Please find every line below that includes "simp" and report how many there are. Nothing else is needed.

-- -- --

definition snc_util :: "('v::finite \<Rightarrow> 'v \<Rightarrow> real) \<Rightarrow> ('v \<Rightarrow> real) \<Rightarrow> 'v \<Rightarrow> ('v \<Rightarrow> real) \<Rightarrow> real" where
  "snc_util W h i x = h i * x i + x i * (\<Sum>j\<in>UNIV. W i j * x j)"

definition best_resp :: "('v \<Rightarrow> ('v \<Rightarrow> real) \<Rightarrow> real) \<Rightarrow> 'v \<Rightarrow> ('v \<Rightarrow> real) \<Rightarrow> real set" where
  "best_resp u i x = {a \<in> {-1, 1}. \<forall>b\<in>{-1, 1}. u i (x(i := b)) \<le> u i (x(i := a))}"

definition br_step :: "'v set \<Rightarrow> ('v \<Rightarrow> ('v \<Rightarrow> real) \<Rightarrow> real) \<Rightarrow> ('v \<Rightarrow> real) \<Rightarrow> ('v \<Rightarrow> real) \<Rightarrow> bool" where
  "br_step P u x y \<longleftrightarrow> (\<exists>i\<in>P. y = x(i := y i) \<and> y i \<noteq> x i \<and> y i \<in> best_resp u i x)"

definition br_path :: "'v set \<Rightarrow> ('v \<Rightarrow> ('v \<Rightarrow> real) \<Rightarrow> real) \<Rightarrow> ('v \<Rightarrow> real) \<Rightarrow> ('v \<Rightarrow> real) \<Rightarrow> bool" where
  "br_path P u = (br_step P u)\<^sup>*\<^sup>*"

definition nash_set :: "'v set \<Rightarrow> ('v \<Rightarrow> ('v \<Rightarrow> real) \<Rightarrow> real) \<Rightarrow> ('v \<Rightarrow> real) set \<Rightarrow> ('v \<Rightarrow> real) set" where
  "nash_set P u X = {x \<in> X. \<forall>i\<in>P. x i \<in> best_resp u i x}"

definition glob_br_reachable :: "'v set \<Rightarrow> ('v \<Rightarrow> ('v \<Rightarrow> real) \<Rightarrow> real) \<Rightarrow> ('v \<Rightarrow> real) set \<Rightarrow> ('v \<Rightarrow> real) set \<Rightarrow> bool" where
  "glob_br_reachable P u X Y \<longleftrightarrow> (\<forall>x\<in>X. \<exists>y\<in>Y. br_path P u x y)"

definition br_invariant :: "'v set \<Rightarrow> ('v \<Rightarrow> ('v \<Rightarrow> real) \<Rightarrow> real) \<Rightarrow> ('v \<Rightarrow> real) set \<Rightarrow> ('v \<Rightarrow> real) set \<Rightarrow> bool" where
  "br_invariant P u X Y \<longleftrightarrow> (\<forall>x\<in>Y. \<forall>y\<in>X. br_path P u x y \<longrightarrow> y \<in> Y)"

definition glob_br_stable :: "'v set \<Rightarrow> ('v \<Rightarrow> ('v \<Rightarrow> real) \<Rightarrow> real) \<Rightarrow> ('v \<Rightarrow> real) set \<Rightarrow> ('v \<Rightarrow> real) set \<Rightarrow> bool" where
  "glob_br_stable P u X Y \<longleftrightarrow> glob_br_reachable P u X Y \<and> br_invariant P u X Y"

definition profiles :: "('v \<Rightarrow> real) set" where
  "profiles = {x. \<forall>i. x i \<in> {-1, 1}}"

text \<open>Profiles of the S-restricted game with the players in R frozen to a*1,
  identified with the full profiles (y,z) having y = a*1.\<close>
definition frozen_profiles :: "'v set \<Rightarrow> real \<Rightarrow> ('v \<Rightarrow> real) set" where
  "frozen_profiles R a = {x \<in> profiles. \<forall>i\<in>R. x i = a}"

end

theory Submission
  imports Defs
begin

(* Since G_R is unsigned, the field h_i + sum_j W_ij x_j of a player i in R equals, up to an
   error of at most w_i^S caused by S, its R-field h_i + w_i^{R+} - w_i^{R-}, where R+ and R-
   are the R-players playing +1 and -1.  Player i is forced up (down) when its R-field exceeds
   w_i^S (is below -w_i^S): then +1 (-1) is its unique best response whatever S plays.
   (h-,h+)-indecomposability says precisely that outside an R-consensus some R-player is forced
   to flip.  Flipping forced-up players to +1 while possible, and then forced-down players to
   -1, reaches a consensus: a downward flip lowers the R-field of everybody else and never
   creates a forced-up player.  The dominance condition w_i^R - |h_i| > w_i^S forces every
   R-player to agree with a consensus, so from a consensus profile the full BR-dynamics is the
   S-restricted one, and the Nash equilibria of the restricted game are Nash equilibria of the
   full game. *)

lemma br_path_mono:
  assumes "P \<subseteq> Q" and "br_path P u x y"
  shows "br_path Q u x y"
proof -
  have "br_step P u a b \<longrightarrow> br_step Q u a b" for a b
    using assms(1) unfolding br_step_def by blast
  then show ?thesis
    using assms(2) mono_rtranclp unfolding br_path_def by metis
qed

lemma glob_br_reachable_mono:
  assumes "P \<subseteq> Q" and "Y \<subseteq> Y'" and "glob_br_reachable P u X Y"
  shows "glob_br_reachable Q u X Y'"
  using assms br_path_mono unfolding glob_br_reachable_def by blast

lemma glob_br_reachable_trans:
  assumes "glob_br_reachable P u X Y" and "glob_br_reachable P u Y Z"
  shows "glob_br_reachable P u X Z"
  using assms unfolding glob_br_reachable_def br_path_def by (meson rtranclp_trans)

lemma glob_br_reachable_Un:
  assumes "glob_br_reachable P u X Y" and "glob_br_reachable P u X' Y'"
  shows "glob_br_reachable P u (X \<union> X') (Y \<union> Y')"
  using assms unfolding glob_br_reachable_def by blast

lemma br_invariant_Un:
  assumes "br_invariant P u X Y" and "br_invariant P u X Y'"
  shows "br_invariant P u X (Y \<union> Y')"
  using assms unfolding br_invariant_def by blast

lemma br_path_closed:
  assumes closed: "\<And>x y. x \<in> F \<Longrightarrow> br_step P u x y \<Longrightarrow> br_step S u x y \<and> y \<in> F"
    and "br_path P u x y" and "x \<in> F"
  shows "br_path S u x y \<and> y \<in> F"
  using assms(2,3) unfolding br_path_def
proof (induction rule: rtranclp_induct)
  case (step y z)
  then show ?case
    using closed[of y z] by (meson rtranclp.rtrancl_into_rtrancl)
qed simp

lemma br_invariant_closed:
  assumes closed: "\<And>x y. x \<in> F \<Longrightarrow> br_step P u x y \<Longrightarrow> br_step S u x y \<and> y \<in> F"
    and "Y \<subseteq> F" and "br_invariant S u F Y"
  shows "br_invariant P u X Y"
  using assms br_path_closed[OF closed] unfolding br_invariant_def by blast

lemma br_step_upd:
  assumes "i \<in> P" and "x i \<noteq> b" and "b \<in> best_resp u i x"
  shows "br_step P u x (x(i := b))"
  using assms unfolding br_step_def by auto

lemma profiles_upd: "x \<in> profiles \<Longrightarrow> b \<in> {-1, 1} \<Longrightarrow> x(i := b) \<in> profiles"
  unfolding profiles_def by auto

definition snc_field :: "('v::finite \<Rightarrow> 'v \<Rightarrow> real) \<Rightarrow> ('v \<Rightarrow> real) \<Rightarrow> ('v \<Rightarrow> real) \<Rightarrow> 'v \<Rightarrow> real" where
  "snc_field W h x i = h i + (\<Sum>j\<in>UNIV. W i j * x j)"

lemma snc_util_upd:
  assumes "W i i = 0"
  shows "snc_util W h i (x(i := b)) = b * snc_field W h x i"
proof -
  have "(\<Sum>j\<in>UNIV. W i j * (x(i := b)) j) = (\<Sum>j\<in>UNIV. W i j * x j)"
    using assms by (intro sum.cong) auto
  then show ?thesis
    unfolding snc_util_def snc_field_def by (simp add: algebra_simps)
qed

lemma snc_best_resp_iff:
  assumes "W i i = 0" and "a \<in> {-1, 1}"
  shows "a \<in> best_resp (snc_util W h) i x \<longleftrightarrow> 0 \<le> a * snc_field W h x i"
  using assms by (auto simp: best_resp_def snc_util_upd)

-- -- --

RESULT OF THE EXERCISE: 3